Надо вызвать на мостик старшего офицера, подумал Парсонс. Расплывающееся сознание подсказало, что в момент попадания того не было рядом. Кажется, отправился на запасной дальномерный пост, руководить стрельбой кормового плутонга? Переговорные трубы перебиты, коробка боевого телефона висит на одном проводе… Парсонс замахал руками, привлекая к себе внимание, и в этот момент за кормой взорвалась торпеда.

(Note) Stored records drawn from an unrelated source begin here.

(* Let $1\le i,j,k,l\le n$ with $i<j$, $k<l$, $i\le k$. Then in ${\boldsymbol U}_{v}(\mathfrak q_n)$: \[ \mathsf E_{i,j}\mathsf E_{k,l}=\begin{cases}\mathsf E_{k,l}\mathsf E_{i,j} & (i<j<k<l\text{ or } i<k<l<j),\\ v^{-1}\mathsf E_{k,l}\mathsf E_{i,j}-\mathsf E_{i,l} & (i<j=k<l),\\ v\,\mathsf E_{k,l}\mathsf E_{i,j} & (i=k<j<l\text{ or } i<k<j=l),\\ \mathsf E_{k,l}\mathsf E_{i,j}+(v-v^{-1})\mathsf E_{i,l}\mathsf E_{k,j} & (i<k<j<l).\end{cases} \]
   Context: Let $v$ be an indeterminate. The quantum queer superalgebra ${\boldsymbol U}_{v}(\mathfrak q_n)$ is the associative superalgebra over $\mathbb Q(v)$ generated by even generators $\mathsf K_i,\mathsf K_i^{-1}$ ($1\le i\le n$), $\mathsf E_j,\mathsf F_j$ ($1\le j\le n-1$) and odd generators $\mathsf K_{\bar i}$ ($1\le i\le n$), $\mathsf E_{\bar j},\mathsf F_{\bar j}$ ($1\le j\le n-1$), subject to the following relations (indices are taken only where they make sense), where $(\epsilon_i,\alpha_j)=\delta_{i,j}-\delta_{i,j+1}$: (QQ1) $\mathsf K_i\mathsf K_i^{-1}=\mathsf K_i^{-1}\mathsf K_i=1$, $\mathsf K_i\mathsf K_j=\mathsf K_j\mathsf K_i$, $\mathsf K_i\mathsf K_{\bar j}=\mathsf K_{\bar j}\mathsf K_i$, $\mathsf K_{\bar i}\mathsf K_{\bar j}+\mathsf K_{\bar j}\mathsf K_{\bar i}=2\delta_{i,j}\frac{\mathsf K_i^2-\mathsf K_i^{-2}}{v^2-v^{-2}}$. (QQ2) $\mathsf K_i\mathsf E_j=v^{(\epsilon_i,\alpha_j)}\mathsf E_j\mathsf K_i$, $\mathsf K_i\mathsf E_{\bar j}=v^{(\epsilon_i,\alpha_j)}\mathsf E_{\bar j}\mathsf K_i$, $\mathsf K_i\mathsf F_j=v^{-(\epsilon_i,\alpha_j)}\mathsf F_j\mathsf K_i$, $\mathsf K_i\mathsf F_{\bar j}=v^{-(\epsilon_i,\alpha_j)}\mathsf F_{\bar j}\mathsf K_i$. (QQ3) $\mathsf K_{\bar i}\mathsf E_i-v\mathsf E_i\mathsf K_{\bar i}=\mathsf E_{\bar i}\mathsf K_i^{-1}$, $v\mathsf K_{\bar i}\mathsf E_{i-1}-\mathsf E_{i-1}\mathsf K_{\bar i}=-\mathsf K_i^{-1}\mathsf E_{\overline{i-1}}$, $\mathsf K_{\bar i}\mathsf F_i-v\mathsf F_i\mathsf K_{\bar i}=-\mathsf F_{\bar i}\mathsf K_i$, $v\mathsf K_{\bar i}\mathsf F_{i-1}-\mathsf F_{i-1}\mathsf K_{\bar i}=\mathsf K_i\mathsf F_{\overline{i-1}}$, $\mathsf K_{\bar i}\mathsf E_{\bar i}+v\mathsf E_{\bar i}\mathsf K_{\bar i}=\mathsf E_i\mathsf K_i^{-1}$, $v\mathsf K_{\bar i}\mathsf E_{\overline{i-1}}+\mathsf E_{\overline{i-1}}\mathsf K_{\bar i}=\mathsf K_i^{-1}\mathsf E_{i-1}$, $\mathsf K_{\bar i}\mathsf F_{\bar i}+v\mathsf F_{\bar i}\mathsf K_{\bar i}=\mathsf F_i\mathsf K_i$, $v\mathsf K_{\bar i}\mathsf F_{\overline{i-1}}+\mathsf F_{\overline{i-1}}\mathsf K_{\bar i}=\mathsf K_i\mathsf F_{i-1}$, and for $j\ne i,i-1$: $\mathsf K_{\bar i}\mathsf E_j=\mathsf E_j\mathsf K_{\bar i}$, $\mathsf K_{\bar i}\mathsf F_j=\mathsf F_j\mathsf K_{\bar i}$, $\mathsf K_{\bar i}\mathsf E_{\bar j}=-\mathsf E_{\bar j}\mathsf K_{\bar i}$, $\mathsf K_{\bar i}\mathsf F_{\bar j}=-\mathsf F_{\bar j}\mathsf K_{\bar i}$. (QQ4) $\mathsf E_i\mathsf F_j-\mathsf F_j\mathsf E_i=\delta_{i,j}\frac{\mathsf K_i\mathsf K_{i+1}^{-1}-\mathsf K_i^{-1}\mathsf K_{i+1}}{v-v^{-1}}$, $\mathsf E_{\bar i}\mathsf F_{\bar j}+\mathsf F_{\bar j}\mathsf E_{\bar i}=\delta_{i,j}\big(\frac{\mathsf K_i\mathsf K_{i+1}-\mathsf K_i^{-1}\mathsf K_{i+1}^{-1}}{v-v^{-1}}+(v-v^{-1})\mathsf K_{\bar i}\mathsf K_{\overline{i+1}}\big)$, $\mathsf E_i\mathsf F_{\bar j}-\mathsf F_{\bar j}\mathsf E_i=\delta_{i,j}(\mathsf K_{i+1}^{-1}\mathsf K_{\bar i}-\mathsf K_{\overline{i+1}}\mathsf K_i^{-1})$, $\mathsf E_{\bar i}\mathsf F_j-\mathsf F_j\mathsf E_{\bar i}=\delta_{i,j}(\mathsf K_{i+1}\mathsf K_{\bar i}-\mathsf K_{\overline{i+1}}\mathsf K_i)$. (QQ5) $\mathsf E_{\bar i}^2=-\frac{v-v^{-1}}{v+v^{-1}}\mathsf E_i^2$, $\mathsf F_{\bar i}^2=\frac{v-v^{-1}}{v+v^{-1}}\mathsf F_i^2$; for $|i-j|\ne1$: $\mathsf E_i\mathsf E_{\bar j}=\mathsf E_{\bar j}\mathsf E_i$, $\mathsf F_i\mathsf F_{\bar j}=\mathsf F_{\bar j}\mathsf F_i$; for $|i-j|>1$: $\mathsf E_i\mathsf E_j=\mathsf E_j\mathsf E_i$, $\mathsf F_i\mathsf F_j=\mathsf F_j\mathsf F_i$, $\mathsf E_{\bar i}\mathsf E_{\bar j}=-\mathsf E_{\bar j}\mathsf E_{\bar i}$, $\mathsf F_{\bar i}\mathsf F_{\bar j}=-\mathsf F_{\bar j}\mathsf F_{\bar i}$; $\mathsf E_i\mathsf E_{i+1}-v\mathsf E_{i+1}\mathsf E_i=\mathsf E_{\bar i}\mathsf E_{\overline{i+1}}+v\mathsf E_{\overline{i+1}}\mathsf E_{\bar i}$, $\mathsf E_i\mathsf E_{\overline{i+1}}-v\mathsf E_{\overline{i+1}}\mathsf E_i=\mathsf E_{\bar i}\mathsf E_{i+1}-v\mathsf E_{i+1}\mathsf E_{\bar i}$, $\mathsf F_i\mathsf F_{i+1}-v\mathsf F_{i+1}\mathsf F_i=-(\mathsf F_{\bar i}\mathsf F_{\overline{i+1}}+v\mathsf F_{\overline{i+1}}\mathsf F_{\bar i})$, $\mathsf F_i\mathsf F_{\overline{i+1}}-v\mathsf F_{\overline{i+1}}\mathsf F_i=\mathsf F_{\bar i}\mathsf F_{i+1}-v\mathsf F_{i+1}\mathsf F_{\bar i}$. (QQ6) for $|i-j|=1$: $\mathsf E_i^2X-(v+v^{-1})\mathsf E_iX\mathsf E_i+X\mathsf E_i^2=0$ for $X\in\{\mathsf E_j,\mathsf E_{\bar j}\}$ and $\mathsf F_i^2Y-(v+v^{-1})\mathsf F_iY\mathsf F_i+Y\mathsf F_i^2=0$ for $Y\in\{\mathsf F_j,\mathsf F_{\bar j}\}$. Quantum root vectors: for $1\le i\le n-1$ put $\mathsf E_{i,i+1}=\mathsf E_i$, $\overline{\mathsf E}_{i,i+1}=\mathsf E_{\bar i}$, $\mathsf E_{i+1,i}=\mathsf F_i$, $\overline{\mathsf E}_{i+1,i}=\mathsf F_{\bar i}$, and recursively for $i+1<j\le n$: $\mathsf E_{i,j}=-\mathsf E_{i,j-1}\mathsf E_{j-1}+v^{-1}\mathsf E_{j-1}\mathsf E_{i,j-1}$, $\overline{\mathsf E}_{i,j}=-\mathsf E_{i,j-1}\mathsf E_{\overline{j-1}}+v^{-1}\mathsf E_{\overline{j-1}}\mathsf E_{i,j-1}$, $\mathsf E_{j,i}=-\mathsf F_{j-1}\mathsf E_{j-1,i}+v\mathsf E_{j-1,i}\mathsf F_{j-1}$, $\overline{\mathsf E}_{j,i}=-\mathsf F_{\overline{j-1}}\mathsf E_{j-1,i}+v\mathsf E_{j-1,i}\mathsf F_{\overline{j-1}}$. *)

theory Defs
  imports "HOL-Computational_Algebra.Polynomial" "HOL-Computational_Algebra.Fraction_Field"
begin

type_synonym qfun = "rat poly fract"

definition qv :: qfun where "qv = Fract [:0, 1:] 1"

text \<open>A Q(v)-algebra structure on a ring 'a: a unital ring homomorphism from Q(v)
  into the centre of 'a.\<close>
definition qalg :: "(qfun \<Rightarrow> 'a::ring_1) \<Rightarrow> bool" where
  "qalg sc \<longleftrightarrow> sc 1 = 1 \<and> (\<forall>x y. sc (x + y) = sc x + sc y) \<and>
     (\<forall>x y. sc (x * y) = sc x * sc y) \<and> (\<forall>x y. sc x * y = y * sc x)"

text \<open>Defining relations (QQ1)-(QQ6) of U_v(q_n), indices 1-based.
  K, Ki = K^{-1}, Kb = K-bar (1..n); E, F, Eb, Fb (1..n-1).\<close>
definition qq_rels :: "nat \<Rightarrow> (qfun \<Rightarrow> 'a::ring_1) \<Rightarrow> (nat \<Rightarrow> 'a) \<Rightarrow> (nat \<Rightarrow> 'a) \<Rightarrow> (nat \<Rightarrow> 'a)
    \<Rightarrow> (nat \<Rightarrow> 'a) \<Rightarrow> (nat \<Rightarrow> 'a) \<Rightarrow> (nat \<Rightarrow> 'a) \<Rightarrow> (nat \<Rightarrow> 'a) \<Rightarrow> bool" where
  "qq_rels n sc K Ki Kb E F Eb Fb \<longleftrightarrow>
   (let v = sc qv in
   \<comment> \<open>QQ1\<close>
   (\<forall>i\<in>{1..n}. \<forall>j\<in>{1..n}.
      K i * Ki i = 1 \<and> Ki i * K i = 1 \<and> K i * K j = K j * K i \<and> K i * Kb j = Kb j * K i \<and>
      Kb i * Kb j + Kb j * Kb i =
        (if i = j then sc (2 * inverse (qv\<^sup>2 - inverse (qv\<^sup>2))) * (K i ^ 2 - Ki i ^ 2) else 0)) \<and>
   \<comment> \<open>QQ2\<close>
   (\<forall>i\<in>{1..n}. \<forall>j\<in>{1..n-1}.
      let e = (of_bool (i = j) - of_bool (i = j + 1) :: int) in
      K i * E j = sc (qv powi e) * E j * K i \<and>
      K i * Eb j = sc (qv powi e) * Eb j * K i \<and>
      K i * F j = sc (qv powi (- e)) * F j * K i \<and>
      K i * Fb j = sc (qv powi (- e)) * Fb j * K i) \<and>
   \<comment> \<open>QQ3\<close>
   (\<forall>i\<in>{1..n}.
      (i \<le> n - 1 \<longrightarrow>
         Kb i * E i - v * E i * Kb i = Eb i * Ki i \<and>
         Kb i * F i - v * F i * Kb i = - (Fb i * K i) \<and>
         Kb i * Eb i + v * Eb i * Kb i = E i * Ki i \<and>
         Kb i * Fb i + v * Fb i * Kb i = F i * K i) \<and>
      (2 \<le> i \<longrightarrow>
         v * Kb i * E (i - 1) - E (i - 1) * Kb i = - (Ki i * Eb (i - 1)) \<and>
         v * Kb i * F (i - 1) - F (i - 1) * Kb i = K i * Fb (i - 1) \<and>
         v * Kb i * Eb (i - 1) + Eb (i - 1) * Kb i = Ki i * E (i - 1) \<and>
         v * Kb i * Fb (i - 1) + Fb (i - 1) * Kb i = K i * F (i - 1)) \<and>
      (\<forall>j\<in>{1..n-1}. j \<noteq> i \<and> j + 1 \<noteq> i \<longrightarrow>
         Kb i * E j = E j * Kb i \<and> Kb i * F j = F j * Kb i \<and>
         Kb i * Eb j = - (Eb j * Kb i) \<and> Kb i * Fb j = - (Fb j * Kb i))) \<and>
   \<comment> \<open>QQ4\<close>
   (\<forall>i\<in>{1..n-1}. \<forall>j\<in>{1..n-1}.
      E i * F j - F j * E i =
        (if i = j then sc (inverse (qv - inverse qv)) * (K i * Ki (i + 1) - Ki i * K (i + 1)) else 0) \<and>
      Eb i * Fb j + Fb j * Eb i =
        (if i = j then sc (inverse (qv - inverse qv)) * (K i * K (i + 1) - Ki i * Ki (i + 1))
                     + sc (qv - inverse qv) * Kb i * Kb (i + 1) else 0) \<and>
      E i * Fb j - Fb j * E i =
        (if i = j then Ki (i + 1) * Kb i - Kb (i + 1) * Ki i else 0) \<and>
      Eb i * F j - F j * Eb i =
        (if i = j then K (i + 1) * Kb i - Kb (i + 1) * K i else 0)) \<and>
   \<comment> \<open>QQ5\<close>
   (\<forall>i\<in>{1..n-1}.
      Eb i ^ 2 = - (sc ((qv - inverse qv) / (qv + inverse qv)) * E i ^ 2) \<and>
      Fb i ^ 2 = sc ((qv - inverse qv) / (qv + inverse qv)) * F i ^ 2) \<and>
   (\<forall>i\<in>{1..n-1}. \<forall>j\<in>{1..n-1}. i \<noteq> j + 1 \<and> j \<noteq> i + 1 \<longrightarrow>
      E i * Eb j = Eb j * E i \<and> F i * Fb j = Fb j * F i) \<and>
   (\<forall>i\<in>{1..n-1}. \<forall>j\<in>{1..n-1}. j + 1 < i \<or> i + 1 < j \<longrightarrow>
      E i * E j = E j * E i \<and> F i * F j = F j * F i \<and>
      Eb i * Eb j = - (Eb j * Eb i) \<and> Fb i * Fb j = - (Fb j * Fb i)) \<and>
   (\<forall>i\<in>{1..n-1}. i + 1 \<le> n - 1 \<longrightarrow>
      E i * E (i + 1) - v * E (i + 1) * E i = Eb i * Eb (i + 1) + v * Eb (i + 1) * Eb i \<and>
      E i * Eb (i + 1) - v * Eb (i + 1) * E i = Eb i * E (i + 1) - v * E (i + 1) * Eb i \<and>
      F i * F (i + 1) - v * F (i + 1) * F i = - (Fb i * Fb (i + 1) + v * Fb (i + 1) * Fb i) \<and>
      F i * Fb (i + 1) - v * Fb (i + 1) * F i = Fb i * F (i + 1) - v * F (i + 1) * Fb i) \<and>
   \<comment> \<open>QQ6\<close>
   (\<forall>i\<in>{1..n-1}. \<forall>j\<in>{1..n-1}. i = j + 1 \<or> j = i + 1 \<longrightarrow>
      (\<forall>X\<in>{E j, Eb j}. E i ^ 2 * X - sc (qv + inverse qv) * E i * X * E i + X * E i ^ 2 = 0) \<and>
      (\<forall>Y\<in>{F j, Fb j}. F i ^ 2 * Y - sc (qv + inverse qv) * F i * Y * F i + Y * F i ^ 2 = 0)))"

Толчок впечатал его в стену рубки. Он судорожно заскреб пальцами по железу, пытаясь встать, и тут крейсер получил нокаутирующий удар в левый борт. Голова Парсонса со сухим стуком, будто бильярдный шар, ударилась о комингс и лейтенант потерял сознание.
Его привел в себя матрос, посланный на поиски хоть кого-то, способного взять на себя командование тем, что осталось от крейсера Его Величества «Карадок». Очнувшись от непочтительных ударов по щекам, Парсонс с трудом разлепил веки для того, чтобы услышать: «Сэр, остальные офицеры мертвы. Принимайте корабль!»
Крейсер дрейфовал с сильным креном на левый борт. Орудия молчали, но и противник больше не стрелял. На палубе царил бедлам: обломки шлюпок на рострах, изрешеченные кожуха палубных вентиляторов, пробоины в надстройках. С помощью матроса, Парсонс добрался до башни «С» и остановился, как громом пораженный.
Дальше палубы не было. Не меньше трети корпуса — корма, дальномерный пост, радиорубка, башни «D» и «E», торпедные аппараты, — все исчезло. Великолепный легкий крейсер, один из лучших в своем классе, в мгновение ока превратился в жалкую развалину.
Когда полчаса спустя, над полубаком «Карадока» завис вертолет, пилоты увидели, как на мачту рывками ползет белое, с косым красным крестом, полотнище. Флаг, «V», «Виктор», по Международному своду сигналов, означал: «Мне срочно нужна помощь».
ГЛАВА ПЯТНАДЦАТАЯ
I
ПСКР «Адамант»
Андрей трижды наблюдал Перенос изнутри и не представлял, как это выглядит снаружи. Что ж, теперь он это увидел.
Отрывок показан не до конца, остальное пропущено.